Back On The Block: Speaking Up For Hurley Street

Jeff Deeney’s recent Philadelphia Weekly cover story on Hurley Street has provided a fulcrum upon which several important and constructive conversations about the city’s future — and more urgently, its present — are tilting back and forth. Was it a realistic portrayal of the desperate straits in which poor families are forced to live, or a hatchet job on a section of the city which can still lay claim to many safe and stable residential blocks? Is it more important for the city’s next mayor to understand the problems or to solve them? Is it too little to simply expect the former, and too much to expect the latter? Today, Deeney checks in with another Hurley Street family.

 

deeneythumbnail.jpgBY JEFF DEENEY

Mark Lutz moved to the 3200 block of Hurley Street in May of 1984, and he still lives there, with his daughter Shana, who is 19. Back in ’84, Hurley was your average Kensington block, packed tight with working-class families; the block was quiet despite the McVeigh Rec Center around the corner, on D Street and Ontario, which was a little loud and rowdy even then.

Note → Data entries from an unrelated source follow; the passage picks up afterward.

(* For all constants $0<\alpha\le \beta$ there is a constant $c>0$ such that the following holds. Let $k\le n$ be positive integers and let $h$ be an integer with $\alpha\log(n/k+1)\le h\le \beta\log(n/k+1)$ and $2\le h\le k$, and set $\ell=\lfloor k/h\rfloor$. Suppose that in the $\ell$-variant cup game on $n$ cups, some play of $T$ rounds ends with a cup of fill at least $4k$. Then $T\ge c\,h\,\ell^3$ (and hence $T=\Omega(k^3/h^2)$).
   Context: The $\ell$-variant cup game on $n$ cups ($\ell$ a positive integer): there are $n$ cups with integer fills, all initially $0$. In each round the player chooses an integer $k'\ge 0$ and an integer $q\ge1$ such that at least $2q$ cups have fill exactly $k'$ (if none exist the game ends). Among these cups, exactly $q$ are raised to fill $k'+1$; if $k'$ is a multiple of $\ell$ (a checkpoint $a\ell$, $a\ge0$), the other $q$ are left at $k'$, and otherwise $q$ other such cups are lowered to $k'-1$. (Thus a cup that has reached a checkpoint never goes below it.) *)

theory Defs
  imports Complex_Main
begin

definition cup_step :: "nat \<Rightarrow> nat \<Rightarrow> (nat \<Rightarrow> int) \<Rightarrow> (nat \<Rightarrow> int) \<Rightarrow> bool" where
  "cup_step l n f g \<longleftrightarrow>
     (\<exists>(k'::int) (q::nat) U D.
        k' \<ge> 0 \<and> q \<ge> 1 \<and> U \<subseteq> {..<n} \<and> D \<subseteq> {..<n} \<and> U \<inter> D = {} \<and>
        card U = q \<and> card D = q \<and> (\<forall>i \<in> U \<union> D. f i = k') \<and>
        g = (\<lambda>i. if i \<in> U then f i + 1
                 else if i \<in> D \<and> \<not> (int l dvd k') then f i - 1
                 else f i))"

definition cup_play :: "nat \<Rightarrow> nat \<Rightarrow> nat \<Rightarrow> (nat \<Rightarrow> nat \<Rightarrow> int) \<Rightarrow> bool" where
  "cup_play l n T s \<longleftrightarrow> s 0 = (\<lambda>_. 0) \<and> (\<forall>t < T. cup_step l n (s t) (s (Suc t)))"
lemma card_bin_gen_insert_witness:
  assumes "finite G" "\<forall>g\<in>G. dotp 32 g y = 0" "dotp 32 h y \<noteq> 0"
  shows "card (bin_gen (insert h G)) = 2 * card (bin_gen G)"
proof -
  have "h \<notin> bin_gen G" using orth_bin_gen[OF assms(2)] assms(3) by blast
  thus ?thesis by (rule card_bin_gen_insert[OF assms(1)])
qed

lemma card_N32: "card N32 = 2 ^ 7"
proof -
  have "card (bin_gen {g5}) = 2"
    using card_bin_gen_insert_witness[of "{}" "ind32 (\<lambda>i. i = 1)" g5]
    by (simp add: generator_eval upt_rec bin_gen_empty)
  hence "card (bin_gen {g4, g5}) = 4"
    using card_bin_gen_insert_witness[of "{g5}" "ind32 (\<lambda>i. i = 2)" g4] by (simp add: generator_eval upt_rec)
  hence "card (bin_gen {g3, g4, g5}) = 8"
    using card_bin_gen_insert_witness[of "{g4, g5}" "ind32 (\<lambda>i. i = 4)" g3] by (simp add: generator_eval upt_rec)
  hence "card (bin_gen {g2, g3, g4, g5}) = 16"
    using card_bin_gen_insert_witness[of "{g3, g4, g5}" "ind32 (\<lambda>i. i = 8)" g2] by (simp add: generator_eval upt_rec)
  hence "card (bin_gen {g1, g2, g3, g4, g5}) = 32"
    using card_bin_gen_insert_witness[of "{g2, g3, g4, g5}" "ind32 (\<lambda>i. i = 16)" g1] by (simp add: generator_eval upt_rec)
  hence "card (bin_gen {g0, g1, g2, g3, g4, g5}) = 64"
    using card_bin_gen_insert_witness[of "{g1, g2, g3, g4, g5}" "ind32 (\<lambda>i. i = 32)" g0] by (simp add: generator_eval upt_rec)
  hence "card (bin_gen N32_gens) = 128" unfolding N32_gens_def
    using card_bin_gen_insert_witness[of "{g0, g1, g2, g3, g4, g5}" "ind32 (\<lambda>i. i \<in> {1,2,5,6})" v32]
    by (simp add: generator_eval upt_rec)
  thus ?thesis unfolding N32_eq by simp
qed

lemma doubly_even_N32: "doubly_even 32 N32"
  unfolding N32_eq
proof (rule doubly_even_bin_gen)
  show "finite N32_gens" unfolding N32_gens_def by simp
  show "\<forall>g\<in>N32_gens. 4 dvd ham_wt 32 g" unfolding N32_gens_def by (simp add: generator_eval upt_rec; presburger)
  show "\<forall>g\<in>N32_gens. \<forall>h\<in>N32_gens. dotp 32 g h = 0" unfolding N32_gens_def by (simp add: generator_eval upt_rec)
qed

lemma all_ones_N32: "ind32 (\<lambda>i. True) \<in> N32"
  by (rule N32_gens_in_N32) (simp add: N32_gens_def g0_def)

text \<open>The rows g1..g5 give the binary expansion of i - 1, so they separate coordinates.\<close>
lemma binary_expansion:
  "i \<in> {1..32::nat} \<Longrightarrow> i = 1 + (if i \<le> 16 then 0 else 16) + (if even ((i - 1) div 8) then 0 else 8)
   + (if even ((i - 1) div 4) then 0 else 4) + (if even ((i - 1) div 2) then 0 else 2)
   + (if even (i - 1) then 0 else 1)"
proof -
  have table: "\<forall>i \<in> set [1..<33]. i = 1 + (if i \<le> 16 then 0 else 16) + (if even ((i - 1) div 8) then 0 else 8)
   + (if even ((i - 1) div 4) then 0 else 4) + (if even ((i - 1) div 2) then 0 else 2)
   + (if even (i - 1) then (0::nat) else 1)"
    by (simp add: upt_rec)
  assume "i \<in> {1..32}"
  hence "i \<in> set [1..<33]" by (simp only: set_upt) auto
  with table show ?thesis by (rule bspec)
qed

lemma RM15_rows_separate:
  assumes "i \<in> {1..32}" "j \<in> {1..32}" "\<forall>g\<in>{g1, g2, g3, g4, g5}. g i = g j"
  shows "i = j"
proof -
  have "P i = P j" if "ind32 P i = ind32 P j" for P
    using that assms(1,2) unfolding ind32_def by (auto split: if_splits)
  hence "(i \<le> 16) = (j \<le> 16)" "even ((i - 1) div 8) = even ((j - 1) div 8)"
    "even ((i - 1) div 4) = even ((j - 1) div 4)" "even ((i - 1) div 2) = even ((j - 1) div 2)"
    "even (i - 1) = even (j - 1)"
    using assms(3) unfolding g1_def g2_def g3_def g4_def g5_def by blast+
  thus ?thesis by (subst binary_expansion[OF assms(1)], subst binary_expansion[OF assms(2)]) simp
qed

The only thing Mark remembers cluttering the sidewalk were leaves in the fall that blew over from adjacent streets. A bulky former Army reservist with close-cropped hair and a tail that comes to the nape of his neck, Mark has worked as a screen-printer for the past 14 years. All the streets around Hurley, from D Street all the way over to B and Cambria, were safe and well-maintained until around 15 years ago. He can’t remember exactly when but somewhere along the way things changed, almost overnight. The drugs came, the trash started piling up on the sidewalks.

 

“In Philadelphia, in general people don’t care,” Mark says, “but there’s no excuse for getting sucked into it.”deeneypw.jpg

 

The bond between Mark and his daughter Shana is clearly a close one. Shana’s mother was a drug addict, so the young woman leaned on her father pretty heavily growing up, and his loving guidance has clearly paid off. Shana Lutz graduated from Community Education Partners High School at Front Street and Hunting Park Avenue with a 3.9 GPA. She’s been saving money for college and plans to start at CCP majoring in early childhood education in January.

 

“I didn’t want to become what I seen on the streets,” she says.

 

I asked Mark how he feels about Hurley Street’s portrayal in the PW article. He says that parking on the street tends to turn over around 9 a.m. and has for a long time — a sign to him that more people in the neighborhood are working or otherwise constructively engaged than the article made it seem. He agrees that roping the street off every day in the summer is excessive, and doesn’t think that the block captain (who he says is self-appointed and, he believes, usually ‘dippin’,” or high on heroin, when he sees her) has a permit. Mark applied to have the street designated a play street in 1984 and was turned down by the city because of the block’s close proximity to the McVeigh Rec Center. He noted that the sign hanging from the rope this summer didn’t have a city seal on it.

 

On the story’s portrayal of spiraling urban violence: “I think it’s pretty accurate for Philly overall, but honestly, I feel safer in Kensington than I do in parts of the Northeast. At least here if there’s a problem there’s always a cop around the corner. It’s getting just as bad in parts of the Northeast and there, a cop might not respond for an hour. I think you’d be crazy to go to Southwest Philadelphia at night with all the shootings. I think about Southwest Philly when you ask me about a bad neighborhood.”

 

What does he consider a first step towards making the streets safer?

 

“Nobody fears the police any more. In the Rizzo administration, cops could rough you up and people knew it. Back then the police [got] more respect.”

 

Shana says she’s not afraid of the thugs in her neighborhood. She’s adapted to the way things are but would like to see things change for the better. What would Shana say if she had a chance to talk to likely future mayor Michael Nutter, on whom so much of the city’s hope for change presently hangs.”

 

“We need a hands-on mayor. We need somebody to help. We don’t need another official who just wears the title like a badge. We need someone who’s out here, finding out what these neighborhoods need, and then making sure the changes happen.”

 

Edited to add:

We emailed Shana’s comments to Nutter’s campaign and late this afternoon, received this response:

Shana, I think you’re absolutely right. The Mayor of Philadelphia needs to be the Mayor of the whole city; each and every neighborhood. During this campaign I’ve traveled to every section of this city and have seen the different problems that face each community. If I am elected Mayor I will continue to be out there in our neighborhoods, meeting the people, hearing their concerns and making sure that we take action to address them.

Thanks for getting back to us, Mike, and if you’re looking for an intern, we know this really smart girl named Shana . . . See you in the neighborhoods!